【发布时间】:2020-10-14 03:22:49
【问题描述】:
我需要为我的作业这样做:
我们关注以下变量子集:regime、oil、logGDPcp 和 illit。删除在任何这些变量中具有缺失值的观测值。使用scale() 函数,缩放这些变量,使每个变量的均值为零,标准差为一。用两个聚类拟合 k-means 聚类算法。每个集群分配了多少个观测值?使用原始的非标准化数据,计算每个集群中这些变量的均值。
这就是我所做的
resources <- read.csv("https://raw.githubusercontent.com/umbertomig/intro-prob-stat-FGV/master/datasets/resources.csv")
#subset
resources.subset <- subset(resources, select = c("cty_name", "year", "regime", "oil", "logGDPcp", "illit"))
#removing missing values
resources1 <- na.omit(resources.subset)
#scaling
scaled.resources <- scale(resources1)
#mean of zero
colMeans(scaled.resources)
#standard deviation of 1
apply(scaled.resources, 2, sd)
#fitting into two clusters
cluster2 <- kmeans(resources.scaled, centers = 2)

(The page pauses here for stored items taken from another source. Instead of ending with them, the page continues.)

(* Let $s=(s_1,\ldots,s_n)$ be a sequence of positive integers. Then the local $h^\ast$-polynomial of the $s$-lecture hall simplex $P_n^s$ is \[ \ell^\ast(P_n^s;z)=\sum_{e\in\widetilde{I_n^s}}z^{\mathrm{asc}(e)}=\sum_{e\in\widetilde{I_n^s}}z^{\mathrm{des}(e)}. \]
   Context: $P_n^s=\{x\in\mathbb{R}^n: 0\le x_1/s_1\le\cdots\le x_n/s_n\le 1\}$. For a lattice $d$-simplex $\Delta=\mathrm{conv}(v^{(0)},\ldots,v^{(d)})\subset\mathbb{R}^n$, $\ell^\ast(\Delta;z)=\sum_{x\in\Pi^\circ_\Delta\cap\mathbb{Z}^{n+1}}z^{x_{n+1}}$ where $\Pi^\circ_\Delta=\{\sum_{i=0}^d\lambda_i(v^{(i)},1): 0<\lambda_i<1\}$. Set $s_0=s_{n+1}=1$ and let $\widetilde{I_n^s}$ be the set of integer sequences $(e_0,e_1,\ldots,e_{n+1})$ with $e_0=e_{n+1}=0$, $0\le e_i<s_i$ for $i\in[n]$, and $e_i/s_i\neq e_{i+1}/s_{i+1}$ for all $i\in\{0,\ldots,n\}$. For such $e$, an index $i\in\{0,\ldots,n\}$ is an ascent if $e_i/s_i<e_{i+1}/s_{i+1}$ and a descent if $e_i/s_i>e_{i+1}/s_{i+1}$; $\mathrm{asc}(e),\mathrm{des}(e)$ count them. *)

theory Defs
  imports "HOL-Analysis.Analysis" "HOL-Computational_Algebra.Polynomial"
begin

text \<open>Points of R^n are modelled as functions nat => real with coordinates 1..n
  (all other coordinates are 0).\<close>

definition lecture_hall_simplex :: "nat \<Rightarrow> (nat \<Rightarrow> nat) \<Rightarrow> (nat \<Rightarrow> real) set" where
  "lecture_hall_simplex n s = {x.
     (\<forall>j. (j = 0 \<or> j > n) \<longrightarrow> x j = 0) \<and>
     (n \<ge> 1 \<longrightarrow> 0 \<le> x 1 / real (s 1)) \<and>
     (\<forall>i\<in>{1..<n}. x i / real (s i) \<le> x (i+1) / real (s (i+1))) \<and>
     (n \<ge> 1 \<longrightarrow> x n / real (s n) \<le> 1)}"

definition is_vertex :: "(nat \<Rightarrow> real) set \<Rightarrow> (nat \<Rightarrow> real) \<Rightarrow> bool" where
  "is_vertex P v \<longleftrightarrow> v \<in> P \<and>
     \<not> (\<exists>a\<in>P. \<exists>b\<in>P. a \<noteq> b \<and> (\<exists>t. 0 < t \<and> t < 1 \<and> v = (\<lambda>j. (1 - t) * a j + t * b j)))"

text \<open>The open fundamental parallelepiped of the cone over the simplex with vertex set
  vertices(P): points (sum lambda_v v, sum lambda_v) with 0 < lambda_v < 1.\<close>
definition open_parallelepiped :: "(nat \<Rightarrow> real) set \<Rightarrow> ((nat \<Rightarrow> real) \<times> real) set" where
  "open_parallelepiped P = {((\<lambda>j. \<Sum>v\<in>{v. is_vertex P v}. lam v * v j), \<Sum>v\<in>{v. is_vertex P v}. lam v) | lam.
       \<forall>v. is_vertex P v \<longrightarrow> 0 < lam v \<and> lam v < 1}"

definition lattice_points :: "((nat \<Rightarrow> real) \<times> real) set \<Rightarrow> ((nat \<Rightarrow> real) \<times> real) set" where
  "lattice_points S = {p \<in> S. (\<forall>j. fst p j \<in> \<int>) \<and> snd p \<in> \<int>}"

definition local_hstar :: "(nat \<Rightarrow> real) set \<Rightarrow> int poly" where
  "local_hstar P = (\<Sum>p\<in>lattice_points (open_parallelepiped P). monom 1 (nat \<lfloor>snd p\<rfloor>))"

definition s_ext :: "nat \<Rightarrow> (nat \<Rightarrow> nat) \<Rightarrow> nat \<Rightarrow> nat" where
  "s_ext n s i = (if i = 0 \<or> i = n + 1 then 1 else s i)"

definition ratio :: "nat \<Rightarrow> (nat \<Rightarrow> nat) \<Rightarrow> (nat \<Rightarrow> nat) \<Rightarrow> nat \<Rightarrow> real" where
  "ratio n s e i = real (e i) / real (s_ext n s i)"

definition I_tilde :: "nat \<Rightarrow> (nat \<Rightarrow> nat) \<Rightarrow> (nat \<Rightarrow> nat) set" where
  "I_tilde n s = {e. e 0 = 0 \<and> e (n+1) = 0 \<and> (\<forall>j > n + 1. e j = 0) \<and>
      (\<forall>i\<in>{1..n}. e i < s i) \<and>
      (\<forall>i\<in>{0..n}. ratio n s e i \<noteq> ratio n s e (i+1))}"

definition asc :: "nat \<Rightarrow> (nat \<Rightarrow> nat) \<Rightarrow> (nat \<Rightarrow> nat) \<Rightarrow> nat" where
  "asc n s e = card {i\<in>{0..n}. ratio n s e i < ratio n s e (i+1)}"

definition des :: "nat \<Rightarrow> (nat \<Rightarrow> nat) \<Rightarrow> (nat \<Rightarrow> nat) \<Rightarrow> nat" where
  "des n s e = card {i\<in>{0..n}. ratio n s e i > ratio n s e (i+1)}"

end

theory Submission
  imports Defs
begin

text \<open>The vertices of \<open>P\<^sub>n\<^sup>s\<close> are \<open>v\<^sub>k = (0,\<dots>,0,s\<^sub>k\<^sub>+\<^sub>1,\<dots>,s\<^sub>n)\<close> for
  \<open>k = 0,\<dots>,n\<close>. If \<open>\<lambda>\<^sub>k\<close> is the coefficient of \<open>(v\<^sub>k,1)\<close> and
  \<open>L\<^sub>j = \<lambda>\<^sub>0 + \<dots> + \<lambda>\<^sub>j\<^sub>-\<^sub>1\<close>, a point of the open parallelepiped is
  \<open>(s\<^sub>1L\<^sub>1,\<dots>,s\<^sub>nL\<^sub>n, L\<^sub>n\<^sub>+\<^sub>1)\<close> with \<open>L\<^sub>0 = 0\<close> and all increments in \<open>(0,1)\<close>.
  It is a lattice point iff \<open>frac L\<^sub>j = e\<^sub>j/s\<^sub>j\<close> with integers \<open>0 \<le> e\<^sub>j < s\<^sub>j\<close> and
  \<open>e\<^sub>0 = e\<^sub>n\<^sub>+\<^sub>1 = 0\<close>. An increment lies in \<open>(0,1)\<close> iff the consecutive fractional parts
  differ, and then \<open>\<lfloor>L\<rfloor>\<close> goes up by one exactly where the fractional part drops, i.e. at the
  descents of \<open>e\<close>. So the lattice points correspond to \<open>e \<in> I_tilde n s\<close>, at height
  \<open>des e\<close>. Finally, replacing every nonzero \<open>e\<^sub>i\<close> by \<open>s\<^sub>i - e\<^sub>i\<close> is an involution
  of \<open>I_tilde n s\<close> turning descents into ascents.\<close>

section \<open>Vertices of the lecture hall simplex\<close>

lemma lecture_hall_simplex_coord_eq_0:
  assumes "x \<in> lecture_hall_simplex n s" "\<not> (1 \<le> j \<and> j \<le> n)"
  shows "x j = 0"
proof -
  from assms(2) have "j = 0 \<or> n < j" by auto
  with assms(1) show ?thesis by (auto simp: lecture_hall_simplex_def)
qed

lemma lecture_hall_simplex_ratio_mono:
  assumes x: "x \<in> lecture_hall_simplex n s" and "1 \<le> i" "i \<le> j" "j \<le> n"
  shows "x i / real (s i) \<le> x j / real (s j)"
  using assms(3,4)
proof (induction j rule: dec_induct)
  case (step m)
  then have "x m / real (s m) \<le> x (Suc m) / real (s (Suc m))"
    using x \<open>1 \<le> i\<close> by (auto simp: lecture_hall_simplex_def)
  with step show ?case by simp
qed simp

lemma lecture_hall_simplex_ratio_bounds:
  assumes x: "x \<in> lecture_hall_simplex n s" and "1 \<le> i" "i \<le> n"
  shows "0 \<le> x i / real (s i)" "x i / real (s i) \<le> 1"
  using lecture_hall_simplex_ratio_mono[OF x, of 1 i] lecture_hall_simplex_ratio_mono[OF x, of i n]
    x assms(2,3) by (auto simp: lecture_hall_simplex_def)

lemma lecture_hall_simplex_map_ratios:
  assumes x: "x \<in> lecture_hall_simplex n s" and pos: "\<forall>i\<in>{1..n}. s i > 0"
    and f: "mono_on {0..1} f" "f ` {0..1} \<subseteq> {0..1}"
  shows "(\<lambda>j. if 1 \<le> j \<and> j \<le> n then real (s j) * f (x j / real (s j)) else 0)
           \<in> lecture_hall_simplex n s" (is "?y \<in> _")
proof -
  have y: "?y j / real (s j) = f (x j / real (s j))" if "1 \<le> j" "j \<le> n" for j
    using pos that by auto
  have in_unit: "x j / real (s j) \<in> {0..1}" if "1 \<le> j" "j \<le> n" for j
    using lecture_hall_simplex_ratio_bounds[OF x that] by simp
  have "f (x j / real (s j)) \<le> f (x (Suc j) / real (s (Suc j)))" if "1 \<le> j" "j < n" for j
    using x that in_unit[of j] in_unit[of "Suc j"]
    by (intro mono_onD[OF f(1)]) (auto simp: lecture_hall_simplex_def)
  moreover have "f (x j / real (s j)) \<in> {0..1}" if "1 \<le> j" "j \<le> n" for j
    using f(2) in_unit[OF that] by blast
  ultimately show ?thesis
    unfolding lecture_hall_simplex_def using y by (auto simp del: of_nat_Suc)
qed

definition lecture_hall_vertex :: "nat \<Rightarrow> (nat \<Rightarrow> nat) \<Rightarrow> nat \<Rightarrow> nat \<Rightarrow> real" where
  "lecture_hall_vertex n s k j = (if k < j \<and> j \<le> n then real (s j) else 0)"

lemma lecture_hall_vertex_mem:
  assumes "\<forall>i\<in>{1..n}. s i > 0"
  shows "lecture_hall_vertex n s k \<in> lecture_hall_simplex n s"
  using assms by (auto simp: lecture_hall_simplex_def lecture_hall_vertex_def)

lemma convex_combination_eq_endpoint:
  fixes a b t :: real
  assumes "a \<in> {0..1}" "b \<in> {0..1}" "0 < t" "t < 1" "(1 - t) * a + t * b \<in> {0, 1}"
  shows "a = b"
proof -
  have nonneg: "(1 - t) * a \<ge> 0" "t * b \<ge> 0" "(1 - t) * (1 - a) \<ge> 0" "t * (1 - b) \<ge> 0"
    using assms by simp_all
  consider "(1 - t) * a + t * b = 0" | "(1 - t) * (1 - a) + t * (1 - b) = 0"
    using assms(5) by (auto simp: algebra_simps)
  then show ?thesis
  proof cases
    case 1
    then have "(1 - t) * a = 0" "t * b = 0" using nonneg by linarith+
    then show ?thesis using assms(3,4) by simp
  next
    case 2
    then have "(1 - t) * (1 - a) = 0" "t * (1 - b) = 0" using nonneg by linarith+
    then show ?thesis using assms(3,4) by simp
  qed
qed

lemma is_vertex_lecture_hall_vertex:
  assumes pos: "\<forall>i\<in>{1..n}. s i > 0"
  shows "is_vertex (lecture_hall_simplex n s) (lecture_hall_vertex n s k)"
  unfolding is_vertex_def
proof (intro conjI notI)
  show "lecture_hall_vertex n s k \<in> lecture_hall_simplex n s"
    using lecture_hall_vertex_mem[OF pos] .
next
  assume "\<exists>a\<in>lecture_hall_simplex n s. \<exists>b\<in>lecture_hall_simplex n s. a \<noteq> b \<and>
    (\<exists>t>0. t < 1 \<and> lecture_hall_vertex n s k = (\<lambda>j. (1 - t) * a j + t * b j))"
  then obtain a b t where a: "a \<in> lecture_hall_simplex n s" and b: "b \<in> lecture_hall_simplex n s"
    and "a \<noteq> b" and t: "0 < t" "t < 1"
    and v: "lecture_hall_vertex n s k = (\<lambda>j. (1 - t) * a j + t * b j)"
    by blast
  have "a j = b j" for j
  proof (cases "1 \<le> j \<and> j \<le> n")
    case True
    then have sj: "real (s j) > 0" using pos by auto
    have "(1 - t) * (a j / real (s j)) + t * (b j / real (s j))
            = lecture_hall_vertex n s k j / real (s j)"
      using fun_cong[OF v, of j] by (simp add: add_divide_distrib)
    also have "\<dots> \<in> {0, 1}" using sj by (simp add: lecture_hall_vertex_def)
    finally have "a j / real (s j) = b j / real (s j)"
      using lecture_hall_simplex_ratio_bounds[OF a, of j] lecture_hall_simplex_ratio_bounds[OF b, of j]
        True t by (intro convex_combination_eq_endpoint) auto
    then show ?thesis using sj by simp
  next
    case False
    then show ?thesis
      using lecture_hall_simplex_coord_eq_0[OF a False] lecture_hall_simplex_coord_eq_0[OF b False]
      by simp
  qed
  with \<open>a \<noteq> b\<close> show False by blast
qed

text \<open>Cutting the ratios at the fractional value \<open>c\<close> and rescaling both parts to \<open>[0,1]\<close>
  writes the point as a proper convex combination of two points of the simplex.\<close>
lemma lecture_hall_simplex_fractional_not_vertex:
  assumes x: "x \<in> lecture_hall_simplex n s" and pos: "\<forall>i\<in>{1..n}. s i > 0"
    and i: "1 \<le> i" "i \<le> n" "x i / real (s i) \<notin> {0, 1}"
  shows "\<not> is_vertex (lecture_hall_simplex n s) x"
proof -
  define c where "c = x i / real (s i)"
  have "0 \<le> c" "c \<le> 1" "c \<noteq> 0" "c \<noteq> 1"
    using lecture_hall_simplex_ratio_bounds[OF x i(1,2)] i(3) unfolding c_def by auto
  then have c: "0 < c" "c < 1" by simp_all
  define f where "f y = min y c / c" for y
  define g where "g y = max (y - c) 0 / (1 - c)" for y
  define lift where "lift h j = (if 1 \<le> j \<and> j \<le> n then real (s j) * h (x j / real (s j)) else 0)"
    for h :: "real \<Rightarrow> real" and j
  have "mono_on {0..1} f" "f ` {0..1} \<subseteq> {0..1}"
    using c by (auto simp: f_def mono_on_def divide_right_mono)
  then have a: "lift f \<in> lecture_hall_simplex n s"
    unfolding lift_def by (rule lecture_hall_simplex_map_ratios[OF x pos])
  have "mono_on {0..1} g" "g ` {0..1} \<subseteq> {0..1}"
    using c by (auto simp: g_def mono_on_def divide_right_mono)
  then have b: "lift g \<in> lecture_hall_simplex n s"
    unfolding lift_def by (rule lecture_hall_simplex_map_ratios[OF x pos])
  have "lift f i \<noteq> lift g i"
    using c i pos by (auto simp: lift_def f_def g_def c_def[symmetric])
  then have "lift f \<noteq> lift g" by metis
  moreover have "x = (\<lambda>j. (1 - (1 - c)) * lift f j + (1 - c) * lift g j)"
  proof
    fix j
    show "x j = (1 - (1 - c)) * lift f j + (1 - c) * lift g j"
    proof (cases "1 \<le> j \<and> j \<le> n")
      case True
      have "(1 - (1 - c)) * lift f j + (1 - c) * lift g j
          = real (s j) * (c * f (x j / real (s j)) + (1 - c) * g (x j / real (s j)))"
        using True by (simp add: lift_def algebra_simps)
      also have "c * f y + (1 - c) * g y = y" for y
        using c by (simp add: f_def g_def min_def max_def)
      finally show ?thesis using True pos by simp
    next
      case False
      then show ?thesis using lecture_hall_simplex_coord_eq_0[OF x False] by (auto simp: lift_def)
    qed
  qed
  moreover have "0 < 1 - c" "1 - c < 1" using c by simp_all
  ultimately show ?thesis using a b unfolding is_vertex_def by blast
qed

#how many observations are assigned to each cluster?
nrow(resources.scaled)
table(cluster2$cluster)
#means of the variables
cluster2$centers
g1 <- resources1[cluster2$cluster == 1, ]
colMeans(g1)
g2 <- resources1[cluster2$cluster == 2, ]
colMeans(g2)
但是我得到了这个错误” colMeans(x, na.rm = TRUE) 中的错误:“x”必须是数字
我该如何解决这个问题?
【问题讨论】:
标签: r scale mean standard-deviation